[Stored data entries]

┌──

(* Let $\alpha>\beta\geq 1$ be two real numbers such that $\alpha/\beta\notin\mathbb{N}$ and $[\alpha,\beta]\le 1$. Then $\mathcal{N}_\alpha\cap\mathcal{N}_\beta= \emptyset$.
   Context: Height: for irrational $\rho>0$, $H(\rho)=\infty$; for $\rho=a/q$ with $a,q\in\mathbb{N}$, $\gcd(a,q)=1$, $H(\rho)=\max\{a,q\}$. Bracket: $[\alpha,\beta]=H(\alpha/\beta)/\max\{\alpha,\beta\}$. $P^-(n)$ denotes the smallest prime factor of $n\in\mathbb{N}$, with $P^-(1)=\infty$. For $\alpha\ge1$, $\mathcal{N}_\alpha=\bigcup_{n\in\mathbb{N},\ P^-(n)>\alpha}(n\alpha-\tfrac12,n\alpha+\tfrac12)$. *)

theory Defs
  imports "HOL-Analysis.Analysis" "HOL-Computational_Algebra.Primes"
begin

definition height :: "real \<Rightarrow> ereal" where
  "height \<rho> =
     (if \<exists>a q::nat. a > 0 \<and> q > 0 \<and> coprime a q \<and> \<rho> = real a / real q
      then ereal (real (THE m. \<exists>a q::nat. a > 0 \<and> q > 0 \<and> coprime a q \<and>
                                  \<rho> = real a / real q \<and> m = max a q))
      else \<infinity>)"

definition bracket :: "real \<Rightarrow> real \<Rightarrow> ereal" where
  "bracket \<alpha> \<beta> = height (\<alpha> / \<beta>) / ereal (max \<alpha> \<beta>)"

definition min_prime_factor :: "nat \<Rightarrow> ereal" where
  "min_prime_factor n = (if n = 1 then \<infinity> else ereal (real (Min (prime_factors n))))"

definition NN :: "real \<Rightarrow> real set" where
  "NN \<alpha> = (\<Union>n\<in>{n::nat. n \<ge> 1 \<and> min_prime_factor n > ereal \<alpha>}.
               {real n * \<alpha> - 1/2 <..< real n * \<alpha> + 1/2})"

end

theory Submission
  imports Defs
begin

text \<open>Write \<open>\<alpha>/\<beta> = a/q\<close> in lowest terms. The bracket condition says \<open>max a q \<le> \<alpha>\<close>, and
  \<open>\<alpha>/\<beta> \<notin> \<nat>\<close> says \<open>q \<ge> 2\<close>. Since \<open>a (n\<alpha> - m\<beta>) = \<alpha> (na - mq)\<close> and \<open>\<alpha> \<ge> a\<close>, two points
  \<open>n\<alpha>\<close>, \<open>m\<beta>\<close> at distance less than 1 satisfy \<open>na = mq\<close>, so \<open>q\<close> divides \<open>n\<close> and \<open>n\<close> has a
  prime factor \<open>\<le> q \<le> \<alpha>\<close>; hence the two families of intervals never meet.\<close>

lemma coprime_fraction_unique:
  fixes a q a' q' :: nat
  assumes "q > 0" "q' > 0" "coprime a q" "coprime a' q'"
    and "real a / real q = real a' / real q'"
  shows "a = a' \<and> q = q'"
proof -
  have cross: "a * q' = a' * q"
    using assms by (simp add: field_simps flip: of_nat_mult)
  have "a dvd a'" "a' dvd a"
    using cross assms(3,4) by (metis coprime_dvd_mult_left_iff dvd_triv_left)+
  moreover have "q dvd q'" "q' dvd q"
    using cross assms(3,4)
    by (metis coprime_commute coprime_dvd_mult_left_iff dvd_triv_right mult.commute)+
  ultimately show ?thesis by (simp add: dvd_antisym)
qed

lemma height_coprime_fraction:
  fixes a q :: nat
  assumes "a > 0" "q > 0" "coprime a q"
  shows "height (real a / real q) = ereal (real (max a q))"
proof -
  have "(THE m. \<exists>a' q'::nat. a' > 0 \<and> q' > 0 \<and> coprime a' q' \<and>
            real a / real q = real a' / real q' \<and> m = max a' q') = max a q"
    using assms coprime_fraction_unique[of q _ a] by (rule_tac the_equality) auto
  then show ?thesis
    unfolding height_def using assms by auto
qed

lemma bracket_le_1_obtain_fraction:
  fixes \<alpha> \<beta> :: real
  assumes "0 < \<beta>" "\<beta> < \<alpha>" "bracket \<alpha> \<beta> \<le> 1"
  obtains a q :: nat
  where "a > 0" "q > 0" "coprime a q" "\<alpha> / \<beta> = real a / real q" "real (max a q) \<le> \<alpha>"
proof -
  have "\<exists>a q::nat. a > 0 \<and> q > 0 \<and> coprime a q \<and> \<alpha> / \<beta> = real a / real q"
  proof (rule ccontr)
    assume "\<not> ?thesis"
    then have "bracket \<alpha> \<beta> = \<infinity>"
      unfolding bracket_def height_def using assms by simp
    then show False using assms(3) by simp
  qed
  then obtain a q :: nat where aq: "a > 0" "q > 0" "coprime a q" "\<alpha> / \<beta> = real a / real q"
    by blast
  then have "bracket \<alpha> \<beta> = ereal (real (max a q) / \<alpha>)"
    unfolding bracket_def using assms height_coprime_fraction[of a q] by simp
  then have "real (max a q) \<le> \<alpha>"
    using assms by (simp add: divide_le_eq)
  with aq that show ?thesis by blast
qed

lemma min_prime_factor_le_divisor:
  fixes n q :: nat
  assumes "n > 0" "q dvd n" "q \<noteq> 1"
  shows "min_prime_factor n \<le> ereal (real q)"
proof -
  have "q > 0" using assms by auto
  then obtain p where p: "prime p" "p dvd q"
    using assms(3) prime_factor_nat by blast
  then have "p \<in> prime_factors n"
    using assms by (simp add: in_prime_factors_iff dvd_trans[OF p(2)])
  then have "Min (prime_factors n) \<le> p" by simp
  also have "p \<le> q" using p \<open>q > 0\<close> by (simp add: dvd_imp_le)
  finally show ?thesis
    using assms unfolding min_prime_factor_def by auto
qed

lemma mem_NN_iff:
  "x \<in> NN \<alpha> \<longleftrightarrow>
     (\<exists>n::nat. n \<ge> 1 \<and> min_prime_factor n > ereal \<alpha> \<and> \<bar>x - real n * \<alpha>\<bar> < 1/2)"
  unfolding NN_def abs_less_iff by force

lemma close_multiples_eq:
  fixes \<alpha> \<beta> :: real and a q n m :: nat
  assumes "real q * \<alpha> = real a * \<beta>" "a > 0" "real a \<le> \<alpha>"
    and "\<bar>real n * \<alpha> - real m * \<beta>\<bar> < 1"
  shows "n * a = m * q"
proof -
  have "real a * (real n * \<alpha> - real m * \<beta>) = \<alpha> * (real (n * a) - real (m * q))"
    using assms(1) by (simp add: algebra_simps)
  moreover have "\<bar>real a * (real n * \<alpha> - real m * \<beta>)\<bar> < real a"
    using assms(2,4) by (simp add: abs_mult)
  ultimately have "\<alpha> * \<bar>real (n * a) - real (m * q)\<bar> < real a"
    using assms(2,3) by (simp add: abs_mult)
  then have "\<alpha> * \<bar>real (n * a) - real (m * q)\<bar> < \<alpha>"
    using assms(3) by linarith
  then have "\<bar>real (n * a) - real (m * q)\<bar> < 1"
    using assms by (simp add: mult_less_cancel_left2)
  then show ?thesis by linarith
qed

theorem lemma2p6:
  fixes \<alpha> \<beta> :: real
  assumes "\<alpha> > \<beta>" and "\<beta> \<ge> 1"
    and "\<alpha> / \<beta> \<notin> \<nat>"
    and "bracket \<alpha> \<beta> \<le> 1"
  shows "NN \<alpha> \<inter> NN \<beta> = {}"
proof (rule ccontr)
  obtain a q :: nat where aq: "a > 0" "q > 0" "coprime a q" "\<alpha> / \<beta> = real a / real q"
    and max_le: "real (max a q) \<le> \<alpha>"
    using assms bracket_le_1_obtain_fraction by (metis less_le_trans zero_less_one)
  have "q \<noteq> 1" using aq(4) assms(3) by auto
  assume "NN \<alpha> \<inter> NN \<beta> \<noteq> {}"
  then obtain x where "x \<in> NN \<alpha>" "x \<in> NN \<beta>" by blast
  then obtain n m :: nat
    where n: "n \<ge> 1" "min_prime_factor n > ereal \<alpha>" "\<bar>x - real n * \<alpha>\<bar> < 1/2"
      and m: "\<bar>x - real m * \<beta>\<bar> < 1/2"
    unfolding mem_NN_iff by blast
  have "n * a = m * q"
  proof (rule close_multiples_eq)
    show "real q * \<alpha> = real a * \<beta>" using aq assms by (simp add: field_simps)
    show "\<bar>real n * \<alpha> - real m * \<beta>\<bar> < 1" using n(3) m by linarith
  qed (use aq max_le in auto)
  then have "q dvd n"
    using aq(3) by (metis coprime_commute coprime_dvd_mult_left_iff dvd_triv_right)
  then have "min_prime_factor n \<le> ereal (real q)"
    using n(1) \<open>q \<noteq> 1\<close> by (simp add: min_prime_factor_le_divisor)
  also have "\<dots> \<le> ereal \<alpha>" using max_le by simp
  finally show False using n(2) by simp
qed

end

└──

— Aim of the task —
Where does the word "ultimately" appear in the records? Copy every line that holds it.

— Result —
  ultimately show ?thesis by (simp add: dvd_antisym)
  ultimately have "\<alpha> * \<bar>real (n * a) - real (m * q)\<bar> < real a"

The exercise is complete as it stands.